[Start of section]

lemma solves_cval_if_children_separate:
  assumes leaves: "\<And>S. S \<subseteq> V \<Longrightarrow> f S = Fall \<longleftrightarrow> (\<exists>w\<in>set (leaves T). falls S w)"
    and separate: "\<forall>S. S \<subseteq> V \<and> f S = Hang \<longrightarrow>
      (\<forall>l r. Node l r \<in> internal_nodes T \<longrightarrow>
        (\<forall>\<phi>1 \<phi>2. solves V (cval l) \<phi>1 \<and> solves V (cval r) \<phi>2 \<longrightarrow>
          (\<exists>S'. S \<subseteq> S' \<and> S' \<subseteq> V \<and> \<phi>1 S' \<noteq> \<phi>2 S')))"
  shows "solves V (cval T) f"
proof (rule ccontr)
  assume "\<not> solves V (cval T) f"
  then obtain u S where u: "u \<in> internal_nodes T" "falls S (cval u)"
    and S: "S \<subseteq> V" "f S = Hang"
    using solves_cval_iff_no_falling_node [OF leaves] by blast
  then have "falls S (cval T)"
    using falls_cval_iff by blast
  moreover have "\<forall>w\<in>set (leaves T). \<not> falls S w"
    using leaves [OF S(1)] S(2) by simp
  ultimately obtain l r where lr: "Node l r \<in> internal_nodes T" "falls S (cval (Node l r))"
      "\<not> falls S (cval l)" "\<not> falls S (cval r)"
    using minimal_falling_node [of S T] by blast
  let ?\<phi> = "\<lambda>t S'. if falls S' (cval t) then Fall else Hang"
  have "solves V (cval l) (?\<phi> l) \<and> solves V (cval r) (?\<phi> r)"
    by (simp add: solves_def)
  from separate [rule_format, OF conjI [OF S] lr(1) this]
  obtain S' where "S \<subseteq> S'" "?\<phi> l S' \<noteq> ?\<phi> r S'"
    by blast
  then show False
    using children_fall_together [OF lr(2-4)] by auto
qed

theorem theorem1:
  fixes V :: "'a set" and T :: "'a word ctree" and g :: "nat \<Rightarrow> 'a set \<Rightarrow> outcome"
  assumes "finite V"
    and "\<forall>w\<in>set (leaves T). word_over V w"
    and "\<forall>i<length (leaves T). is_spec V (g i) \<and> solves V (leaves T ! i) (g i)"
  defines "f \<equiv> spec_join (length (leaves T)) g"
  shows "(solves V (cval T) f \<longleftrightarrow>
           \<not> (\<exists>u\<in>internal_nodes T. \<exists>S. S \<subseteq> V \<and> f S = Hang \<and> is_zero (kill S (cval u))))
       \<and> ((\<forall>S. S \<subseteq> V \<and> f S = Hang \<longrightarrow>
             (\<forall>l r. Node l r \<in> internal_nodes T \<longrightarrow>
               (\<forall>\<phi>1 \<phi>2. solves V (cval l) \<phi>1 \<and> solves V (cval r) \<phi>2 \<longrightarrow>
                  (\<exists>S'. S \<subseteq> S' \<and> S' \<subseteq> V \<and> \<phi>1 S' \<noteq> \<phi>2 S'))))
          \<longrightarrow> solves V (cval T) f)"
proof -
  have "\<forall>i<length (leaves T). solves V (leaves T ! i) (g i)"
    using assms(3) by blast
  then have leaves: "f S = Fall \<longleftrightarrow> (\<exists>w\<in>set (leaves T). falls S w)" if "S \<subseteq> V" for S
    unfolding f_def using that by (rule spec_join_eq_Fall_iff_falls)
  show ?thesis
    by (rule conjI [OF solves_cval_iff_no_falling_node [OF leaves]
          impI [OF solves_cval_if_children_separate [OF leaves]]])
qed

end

[End of section]
[Start of section]

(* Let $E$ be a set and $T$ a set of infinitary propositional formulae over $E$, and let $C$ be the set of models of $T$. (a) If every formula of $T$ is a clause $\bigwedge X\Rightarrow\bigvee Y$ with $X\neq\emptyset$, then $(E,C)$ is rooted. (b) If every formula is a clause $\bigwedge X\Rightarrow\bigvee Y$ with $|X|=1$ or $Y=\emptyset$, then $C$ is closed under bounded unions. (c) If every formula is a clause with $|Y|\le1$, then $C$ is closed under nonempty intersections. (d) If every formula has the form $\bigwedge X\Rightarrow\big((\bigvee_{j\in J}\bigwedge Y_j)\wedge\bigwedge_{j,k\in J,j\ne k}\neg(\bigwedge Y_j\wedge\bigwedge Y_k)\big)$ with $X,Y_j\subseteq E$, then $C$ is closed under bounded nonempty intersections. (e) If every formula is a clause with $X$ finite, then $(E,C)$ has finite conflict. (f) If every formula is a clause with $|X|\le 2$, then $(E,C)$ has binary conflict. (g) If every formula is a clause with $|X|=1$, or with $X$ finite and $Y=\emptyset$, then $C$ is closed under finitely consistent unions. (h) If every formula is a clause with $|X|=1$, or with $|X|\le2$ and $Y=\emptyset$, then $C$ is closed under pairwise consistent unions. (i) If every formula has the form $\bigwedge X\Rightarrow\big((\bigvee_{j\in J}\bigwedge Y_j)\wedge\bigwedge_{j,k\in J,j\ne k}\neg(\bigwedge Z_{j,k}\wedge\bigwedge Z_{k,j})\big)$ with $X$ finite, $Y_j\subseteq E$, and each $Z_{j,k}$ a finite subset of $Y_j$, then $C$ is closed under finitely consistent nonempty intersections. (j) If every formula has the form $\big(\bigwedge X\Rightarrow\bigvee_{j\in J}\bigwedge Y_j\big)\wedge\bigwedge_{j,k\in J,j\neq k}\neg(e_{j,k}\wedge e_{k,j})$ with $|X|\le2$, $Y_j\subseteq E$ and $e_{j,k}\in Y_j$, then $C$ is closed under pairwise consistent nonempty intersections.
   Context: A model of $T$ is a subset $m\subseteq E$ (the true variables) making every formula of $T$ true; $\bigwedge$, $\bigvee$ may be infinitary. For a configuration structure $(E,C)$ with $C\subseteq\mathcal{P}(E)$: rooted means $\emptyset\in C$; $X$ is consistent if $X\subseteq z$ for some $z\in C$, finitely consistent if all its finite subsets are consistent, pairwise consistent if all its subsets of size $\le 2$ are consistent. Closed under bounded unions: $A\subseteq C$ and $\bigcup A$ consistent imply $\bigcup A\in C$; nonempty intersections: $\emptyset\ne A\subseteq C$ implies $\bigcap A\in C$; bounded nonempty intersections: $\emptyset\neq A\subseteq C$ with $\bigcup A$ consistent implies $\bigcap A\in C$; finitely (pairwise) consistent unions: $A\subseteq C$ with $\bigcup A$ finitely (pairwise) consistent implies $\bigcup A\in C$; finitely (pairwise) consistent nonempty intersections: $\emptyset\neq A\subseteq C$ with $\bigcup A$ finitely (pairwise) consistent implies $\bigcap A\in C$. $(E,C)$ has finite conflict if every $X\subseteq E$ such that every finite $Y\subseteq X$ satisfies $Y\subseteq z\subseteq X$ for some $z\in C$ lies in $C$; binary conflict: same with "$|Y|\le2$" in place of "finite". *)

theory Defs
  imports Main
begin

[End of section]

• [THE PROBLEM]: Wherever a line in the data above contains the word "leaves", copy that line.

• [TASK RESULT]:
  assumes leaves: "\<And>S. S \<subseteq> V \<Longrightarrow> f S = Fall \<longleftrightarrow> (\<exists>w\<in>set (leaves T). falls S w)"
    using solves_cval_iff_no_falling_node [OF leaves] by blast
  moreover have "\<forall>w\<in>set (leaves T). \<not> falls S w"
    using leaves [OF S(1)] S(2) by simp
    and "\<forall>w\<in>set (leaves T). word_over V w"
    and "\<forall>i<length (leaves T). is_spec V (g i) \<and> solves V (leaves T ! i) (g i)"
  defines "f \<equiv> spec_join (length (leaves T)) g"
  have "\<forall>i<length (leaves T). solves V (leaves T ! i) (g i)"
  then have leaves: "f S = Fall \<longleftrightarrow> (\<exists>w\<in>set (leaves T). falls S w)" if "S \<subseteq> V" for S
    by (rule conjI [OF solves_cval_iff_no_falling_node [OF leaves]
          impI [OF solves_cval_if_children_separate [OF leaves]]])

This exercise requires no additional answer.